Итак, я смотрел на Мартину, как она смотрит на Мане — грамотное отправление культурных радостей и таинств, без какого бы то ни было стеснения или чрезмерной корректности. Устрицы на завтрак, дохлая рыба, дохлее того матадора. Разряженные самки, гордость самцов в мундирах. Сад как место для труда и отдыха, затем пионы в кувшине. Подружка писателя, сам писатель за рабочим столом. Мир достатка, благополучия. Все это я видел, но блеска в них не разглядел. Мне понравились вещи с оптическим обманом и бухлом, с кабаками и жрачкой, с бесстыжей бабой на пикнике и фигуристой блондинкой — знакомые вещи, эротичные. Все это я видел. Но блеска в них не разглядел. Зато Мартина вся так и лучилась — глаза, рот, кожа. Мартину блеск переполнял от макушки до пят.

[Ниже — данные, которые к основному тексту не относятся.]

text \<open>On a nontrivial real subspace C the Rayleigh quotient of H attains its maximum at a unit
  vector y (compactness of the unit sphere of C); the bound is stated in homogeneous form.\<close>

lemma rayleigh_maximizer_exists:
  fixes H :: "complex^'n^'n"
  assumes C: "subspace C" and x0: "x0 \<in> C" "x0 \<noteq> 0"
  shows "\<exists>y\<in>C. cinner y y = 1 \<and>
    (\<forall>x\<in>C. Re (cinner x (H *v x)) \<le> Re (cinner y (H *v y)) * (x \<bullet> x))"
proof -
  define f where "f x = Re (cinner x (H *v x))" for x :: "complex^'n"
  define S where "S = C \<inter> sphere 0 1"
  have "compact S"
    unfolding S_def using closed_subspace[OF C] by (intro closed_Int_compact) auto
  moreover have "(1 / norm x0) *\<^sub>R x0 \<in> S"
    using C x0 by (simp add: S_def subspace_mul)
  moreover have "continuous_on S f"
    unfolding f_def cinner_def matrix_vector_mult_def by (intro continuous_intros)
  ultimately obtain y where yS: "y \<in> S" and ymax: "\<forall>z\<in>S. f z \<le> f y"
    using continuous_attains_sup[of S f] by blast
  have f_scale: "f (r *\<^sub>R x) = r^2 * f x" for r x
    by (simp add: f_def cinner_scaleR_left cinner_scaleR_right mv_scaleR power2_eq_square)
  have "f x \<le> f y * (x \<bullet> x)" if xC: "x \<in> C" for x
  proof (cases "x = 0")
    case False
    then have "(1 / norm x) *\<^sub>R x \<in> S"
      using C xC by (simp add: S_def subspace_mul)
    then have "f ((1 / norm x) *\<^sub>R x) \<le> f y"
      using ymax by blast
    then have "(1 / norm x)^2 * f x \<le> f y"
      by (simp only: f_scale)
    then show ?thesis
      using False by (simp add: field_simps power2_norm_eq_inner[symmetric])
  qed (simp add: f_def)
  moreover have "y \<in> C" and "cinner y y = 1"
    using yS by (auto simp: S_def cinner_self power2_norm_eq_inner[symmetric])
  ultimately show ?thesis
    unfolding f_def by blast
qed
(* Let $m\in\mathbb N^+$, let $\mathcal N$ be a set of monomials of degree $m$ in $X$ and $Y$, and let $I=\langle X^m,Y^m,\mathcal N\rangle\subseteq R$. Suppose that $I=\mathfrak a\cdot\mathfrak b$ for some $\mathfrak a,\mathfrak b\in\mathcal I(R)\setminus\{R\}$, and put $d=\operatorname{mdeg}(\mathfrak a)$, $e=\operatorname{mdeg}(\mathfrak b)$, $r=\dim_K\mathfrak a_K[d]$, $s=\dim_K\mathfrak b_K[e]$. Then: (i) $m=d+e$ and $I_K[m]=\mathfrak a_K[d]\cdot\mathfrak b_K[e]$; (ii) $d\ge1$ and $e\ge1$; (iii) $r\ge2$ and $\mathfrak a_K[d]$ has a $K$-basis $\{f_1,\dots,f_r\}$ with $X^d=\operatorname{in}(f_1)>\operatorname{in}(f_2)>\dots>\operatorname{in}(f_r)$; likewise $s\ge 2$ and $\mathfrak b_K[e]$ has a $K$-basis $\{g_1,\dots,g_s\}$ with $X^e=\operatorname{in}(g_1)>\dots>\operatorname{in}(g_s)$; (iv) for every $j\in[2,r]$ there is $a_j\in[1,d]$ with $\operatorname{in}(f_j)=X^{d-a_j}Y^{a_j}$, and for every $k\in[2,s]$ there is $b_k\in[1,e]$ with $\operatorname{in}(g_k)=X^{e-b_k}Y^{b_k}$; (v) setting $a_1=b_1=0$, for every $j\in[1,r]$ and $k\in[1,s]$ we have $X^{m-(a_j+b_k)}Y^{a_j+b_k}\in\{X^m,Y^m\}\cup\mathcal N$.
   Context: Let $D$ be an integral domain with quotient field $K$, $N\ge 2$, $R=D[X_1,\dots,X_N]$, $S=K[X_1,\dots,X_N]$, and write $X=X_1$, $Y=X_2$. $\mathcal I(R)$ denotes the monoid of nonzero ideals of $R$ under ideal multiplication (identity $R$; its only unit is $R$). Standing assumption: $\mathcal I(R)$ is a BF-monoid (every element is a product of atoms and has finitely many factorization lengths). For $[x,y]$ with integers $x\le y$ we mean $\{z\in\mathbb Z: x\le z\le y\}$. With the standard grading, every $f\in S$ is uniquely $f=\sum_{t\ge0}f_t$ with $f_t$ homogeneous of degree $t$; the min-degree $\operatorname{mdeg}(f)$ of $f\ne0$ is the least $t$ with $f_t\ne0$, and for a nonzero ideal $J$ of $R$, $\operatorname{mdeg}(J)$ is the least min-degree of a nonzero element of $J$. For $J\in\mathcal I(R)$ and $i\in\mathbb N$, $J[i]=\{f_i: f\in J\}$ and $J_K[i]$ is the $K$-linear span of $J[i]$ in $S$; the product $V\cdot W$ of two such spaces is the $K$-span of all products. $\operatorname{in}(f)$ is the largest monomial occurring in $f$ with nonzero coefficient for the lexicographic order with $X_1>X_2>\dots>X_N$. *)

theory Defs
  imports "HOL-Library.Poly_Mapping"
begin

Но потом, черт побери, пришлось убегать, надо было отметиться на часок-другой на приеме, который Филдинг Гудни устраивал в «Каравае» для всех наших толстосумов. У нас теперь даже несколько толстосумш есть. Лира Крусейрос из Буэнос-Айреса, Йена Мацума из Цюриха, Валюта Грошен из Франкфурта. При виде столь явного, столь беззастенчивого разбазаривания средств мне сразу полегчало, и мотор зафырчал с утроенной силой. Сами подумайте, во сколько уже «Плохие деньги» обходятся? Ежедневно мы тратим тонн тридцать пять, если не сорок, и это при том, что съемки начнутся только в середине следующей недели... Решив, наверно, перестраховаться, Филдинг не пригласил Давида Гопстера, и Лесбия Беузолейль тоже отсутствовала. Но старшее поколение звезд светило по-прежнему: Кадута Масси в хлопотах над немощным князем Казимиром, Лорн Гайленд в робототехническом смокинге под ручку с вампирской Средой. Я увидел английский контингент — Скьюз, Блакаддер, Микки Оббс и мой вундеркинд-монтажер Дуэйн Мео. Они мрачно забились в угол, и на какое-то время мне пришлось выступить в роли наседки или садовода — всех зазвать под крылышко, всех окучить и спрыснуть. Потом бразды правления взял в свои руки Филдинг и устроил нечто вроде конкурса лести между командами спецов и звезд. Предоставленный самому себе, я нырнул в гущу толстосумчатой толпы.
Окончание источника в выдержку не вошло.